This disclosure relates to an ignition device provided with an ignition coil for an internal combustion engine.
As a conventional ignition device, there has been known an ignition device disclosed in Japanese Patent Application Publication No. 2001-217131 (Patent Document 1), for example. As illustrated in FIG. 6, the ignition device provided with an ignition coil described in Patent Document 1 includes igniter control circuit 11, igniter switch Q1, transformer Ta, battery E, and diode D5, and adopts a fly-back control method.
Igniter control circuit 11 inputs an ignition signal and turns igniter switch Q1 on and off by using the ignition signal. Energy is stored in transformer Ta while igniter switch Q1 is on, and the energy stored in transformer Ta is supplied to plug 16 when igniter switch Q1 is turned off, and plug 16 is thus ignited.

SUMMARY

BRIEF DESCRIPTION OF DRAWINGS

FIG. 1 is a diagram illustrating a circuit configuration of an ignition device according to Example 1.

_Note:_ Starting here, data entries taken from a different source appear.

lemma bellman_inequality:
  assumes co: "constructed_order p b D \<beta> \<sigma>" and j: "j \<in># G"
  shows "lookahead \<sigma> G j \<le> index_value \<sigma> G"
proof -
  obtain K where K: "\<And>G. \<bar>index_value \<sigma> G\<bar> \<le> K"
    using bounded_index_value by (auto simp: bounded_range_iff)
  have gap_bound: "lookahead \<sigma> G j - index_value \<sigma> G \<le> 1 + q * K" for G j
  proof -
    have "\<bar>lookahead \<sigma> G j\<bar> \<le> 1 + q * K"
      unfolding lookahead_def using b_unit K by (intro query_abs_le) (simp add: abs_le_iff)
    then show ?thesis
      using index_value_nonneg[of \<sigma> G] by linarith
  qed
  have "\<forall>G j. set (take k \<sigma>) \<inter> set_mset G = {} \<longrightarrow> j \<in># G \<longrightarrow> lookahead \<sigma> G j \<le> index_value \<sigma> G"
    if "k \<le> length \<sigma>" for k
    using that
  proof (induction k rule: inc_induct)
    case base
    have "set \<sigma> = UNIV"
      using co by (simp add: constructed_order_def is_type_order_def)
    then show ?case
      by auto
  next
    case (step k)
    let ?P = "\<lambda>(G, j). set (take k \<sigma>) \<inter> set_mset G = {} \<and> j \<in># G"
    let ?f = "\<lambda>(G, j). lookahead \<sigma> G j - index_value \<sigma> G"
    have "?f x \<le> q * \<delta>" if \<delta>: "0 \<le> \<delta>" and gap: "\<And>y. ?P y \<Longrightarrow> ?f y \<le> \<delta>" and x: "?P x" for \<delta> x
    proof -
      obtain G' j' where x_eq: "x = (G', j')"
        by (cases x)
      have "lookahead \<sigma> G' j' - index_value \<sigma> G' \<le> q * \<delta>"
      proof (rule lookahead_gap_contracts[OF co step.hyps(2) _ _ \<delta>])
        show "lookahead \<sigma> G j \<le> index_value \<sigma> G"
          if "set (take (Suc k) \<sigma>) \<inter> set_mset G = {}" "j \<in># G" for G j
          using step.IH that by blast
        show "lookahead \<sigma> G j - index_value \<sigma> G \<le> \<delta>"
          if "set (take k \<sigma>) \<inter> set_mset G = {}" "j \<in># G" for G j
          using gap[of "(G, j)"] that by simp
      qed (use x x_eq in auto)
      then show ?thesis
        using x_eq by simp
    qed
    then have "?f (G, j) \<le> 0" if "?P (G, j)" for G j
      using q_pos q_less_1 gap_bound that
      by (intro nonpos_if_bound_contracts[where P = ?P and C = "1 + q * K"]) auto
    then show ?case
      by auto
  qed
  from this[of 0] show ?thesis
    using j by (metis empty_set inf_bot_left take_0 zero_le)
qed

section \<open>Optimality of the index policy\<close>

lemma Vn_abs_le: "\<bar>Vn p b D \<beta> n pol h F\<bar> \<le> real n"
proof (induction n arbitrary: h F)
  case (Suc n)
  show ?case
  proof (cases "F = {#}")
    case False
    let ?ty = "pol h F"
    have "\<bar>b (snd ?ty) * exp (- \<beta> * real (length h))\<bar> \<le> 1"
      using b_unit[of "snd ?ty"] \<beta>_pos by (simp add: abs_mult mult_le_one)
    moreover have "\<bar>\<integral>M. Vn p b D \<beta> n pol (h @ [(?ty, Some M)]) (F - {#?ty#} + children ?ty M) \<partial>D (snd ?ty)\<bar> \<le> real n"
      using Suc.IH by (rule expectation_abs_le)
    moreover have "\<bar>Vn p b D \<beta> n pol (h @ [(?ty, None)]) (F - {#?ty#})\<bar> \<le> real n"
      by (rule Suc.IH)
    ultimately show ?thesis
      using False p_nonneg p_le_1 by (simp add: Let_def, intro convex_comb_abs_le) auto
  qed simp
qed simp

lemma Vn_le_index_value:
  assumes pol: "valid_policy pol" and bellman: "\<And>G j. j \<in># G \<Longrightarrow> lookahead \<sigma> G j \<le> index_value \<sigma> G"
  shows "Vn p b D \<beta> n pol h F \<le> exp (- \<beta> * real (length h)) * index_value \<sigma> F"
proof (induction n arbitrary: h F)
  case 0
  then show ?case
    using index_value_nonneg by simp
next
  case (Suc n)
  show ?case
  proof (cases "F = {#}")
    case True
    then show ?thesis
      using index_value_nonneg by simp
  next
    case False
    let ?ty = "pol h F" and ?e = "exp (- \<beta> * real (length h))"
    let ?F = "\<lambda>M. F - {#?ty#} + children ?ty M"
    have IH: "Vn p b D \<beta> n pol (h @ [x]) G \<le> ?e * q * index_value \<sigma> G" for x G
      using Suc.IH[of "h @ [x]" G] unfolding length_append_singleton discount_Suc .
    have "(\<integral>M. Vn p b D \<beta> n pol (h @ [(?ty, Some M)]) (?F M) \<partial>D (snd ?ty))
        \<le> (\<integral>M. ?e * q * index_value \<sigma> (?F M) \<partial>D (snd ?ty))"
      using IH Vn_abs_le
      by (intro integral_mono integrable_mult_right integrable_pmf_comp bounded_index_value
          measure_pmf.integrable_const_bound[where B = "real n"]) auto
    then have "Vn p b D \<beta> (Suc n) pol h F
        \<le> p ?ty * (b (snd ?ty) * ?e + (\<integral>M. ?e * q * index_value \<sigma> (?F M) \<partial>D (snd ?ty)))
          + (1 - p ?ty) * (?e * q * index_value \<sigma> (F - {#?ty#}))"
      using False IH[of "(?ty, None)" "F - {#?ty#}"] p_nonneg[of ?ty] p_le_1[of ?ty] b_unit[of "snd ?ty"]
      by (simp add: Let_def) (intro add_mono mult_left_mono, simp_all)
    also have "\<dots> = ?e * lookahead \<sigma> F ?ty"
      by (simp add: lookahead_def query_def algebra_simps)
    also have "\<dots> \<le> ?e * index_value \<sigma> F"
      using pol False by (intro mult_left_mono bellman) (auto simp: valid_policy_def)
    finally show ?thesis .
  qed
qed

lemma Vn_index_policy:
  assumes "set \<sigma> = UNIV"
  shows "Vn p b D \<beta> n (index_policy \<sigma>) h F
    = exp (- \<beta> * real (length h)) * (run_step b \<sigma> (\<lambda>_. 0) ^^ n) (\<lambda>_. 0) F"
proof (induction n arbitrary: h F)
  case (Suc n)
  let ?Z = "(run_step b \<sigma> (\<lambda>_. 0) ^^ n) (\<lambda>_. 0)"
  have IH: "Vn p b D \<beta> n (index_policy \<sigma>) (h @ [x]) G = exp (- \<beta> * real (length h)) * q * ?Z G" for x G
    using Suc.IH[of "h @ [x]" G] unfolding length_append_singleton discount_Suc .
  show ?case
  proof (cases "F = {#}")
    case True
    then show ?thesis
      by (simp add: run_step_def first_in_def)
  next
    case False
    then obtain a where a: "first_in \<sigma> F = Some a"
      using first_in_UNIV[OF assms] by (metis not_None_eq)
    moreover have "index_policy \<sigma> h F = a"
      using a by (simp add: index_policy_def)
    ultimately show ?thesis
      using False by (simp add: run_step_def[of _ _ _ ?Z] query_def IH Let_def algebra_simps)
  qed
qed simp

lemma valid_index_policy: "set \<sigma> = UNIV \<Longrightarrow> valid_policy (index_policy \<sigma>)"
  unfolding valid_policy_def index_policy_def
  by (auto dest: first_in_SomeD first_in_UNIV split: option.split)

lemma policy_value_index_policy:
  assumes "set \<sigma> = UNIV"
  shows "policy_value p b D \<beta> (index_policy \<sigma>) F = index_value \<sigma> F"
  unfolding policy_value_def Vn_index_policy[OF assms] index_value_def
  using SUP_run_step_iterate[OF bounded_range_const, of b \<sigma> 0] b_unit by simp

lemma constructed_order_optimal:
  assumes co: "constructed_order p b D \<beta> \<sigma>"
  shows "optimal_policy p b D \<beta> (index_policy \<sigma>)"
proof -
  have UNIV: "set \<sigma> = UNIV"
    using co by (simp add: constructed_order_def is_type_order_def)
  have "policy_value p b D \<beta> pol F \<le> policy_value p b D \<beta> (index_policy \<sigma>) F"
    if "valid_policy pol" for pol F
    unfolding policy_value_def[of _ _ _ _ pol] policy_value_index_policy[OF UNIV]
    using Vn_le_index_value[OF that bellman_inequality[OF co], of _ "[]" F]
    by (intro cSUP_least) simp_all
  then show ?thesis
    unfolding optimal_policy_def using valid_index_policy[OF UNIV] by blast
qed

lemma constructed_order_exists: "\<exists>\<sigma>. constructed_order p b D \<beta> \<sigma>"
proof -
  let ?score = "\<lambda>S i. if S = [] then \<rho> i S else \<rho> i S / (1 - \<gamma> i S)"
  obtain \<sigma> where \<sigma>: "distinct \<sigma>" "set \<sigma> = UNIV"
    and greedy: "\<And>k i. k < length \<sigma> \<Longrightarrow> i \<notin> set (take k \<sigma>) \<Longrightarrow> ?score (take k \<sigma>) i \<le> ?score (take k \<sigma>) (\<sigma> ! k)"
    using greedy_enumeration_exists[of ?score] by blast
  have "0 < length \<sigma>"
    using \<sigma>(2) by (metis empty_set length_greater_0_conv UNIV_not_empty)
  then have "\<rho> i [] \<le> \<rho> (\<sigma> ! 0) []" for i
    using greedy[of 0 i] by simp
  moreover have "\<rho> i (take k \<sigma>) / (1 - \<gamma> i (take k \<sigma>)) \<le> \<rho> (\<sigma> ! k) (take k \<sigma>) / (1 - \<gamma> (\<sigma> ! k) (take k \<sigma>))"
    if "1 \<le> k" "k < length \<sigma>" "i \<notin> set (take k \<sigma>)" for k i
    using greedy[OF that(2,3)] that(1,2) \<open>0 < length \<sigma>\<close> by simp
  ultimately have "constructed_order p b D \<beta> \<sigma>"
    unfolding constructed_order_def is_type_order_def using \<sigma> by blast
  then show ?thesis ..
qed

end

theorem theorem8p1:
  fixes p :: "('c::finite) ntype \<Rightarrow> real"
    and b :: "'c \<Rightarrow> real"
    and D :: "'c \<Rightarrow> 'c multiset pmf"
    and \<beta> :: real
  assumes "\<And>ty. 0 \<le> p ty \<and> p ty \<le> 1"
    and "\<And>c. 0 \<le> b c \<and> b c \<le> 1"
    and "\<beta> > 0"
  shows "(\<exists>\<sigma>. is_type_order \<sigma> \<and> optimal_policy p b D \<beta> (index_policy \<sigma>))
       \<and> (\<forall>\<sigma>. constructed_order p b D \<beta> \<sigma> \<longrightarrow> optimal_policy p b D \<beta> (index_policy \<sigma>))"
proof -
  interpret contact_tracing p b D \<beta>
    using assms by unfold_locales
  obtain \<sigma> where "constructed_order p b D \<beta> \<sigma>"
    using constructed_order_exists by blast
  then show ?thesis
    using constructed_order_optimal by (auto simp: constructed_order_def)
qed

end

FIG. 2 is an operation waveform diagram regarding constituents of the ignition device according to Example 1.

FIG. 3 is a diagram illustrating a circuit configuration of an ignition device according to a modified example of Example 1.

FIG. 4 is an operation waveform diagram regarding constituents of the ignition device according to the modified example.

FIG. 5 is a diagram illustrating a circuit configuration of an ignition device according to another modified example.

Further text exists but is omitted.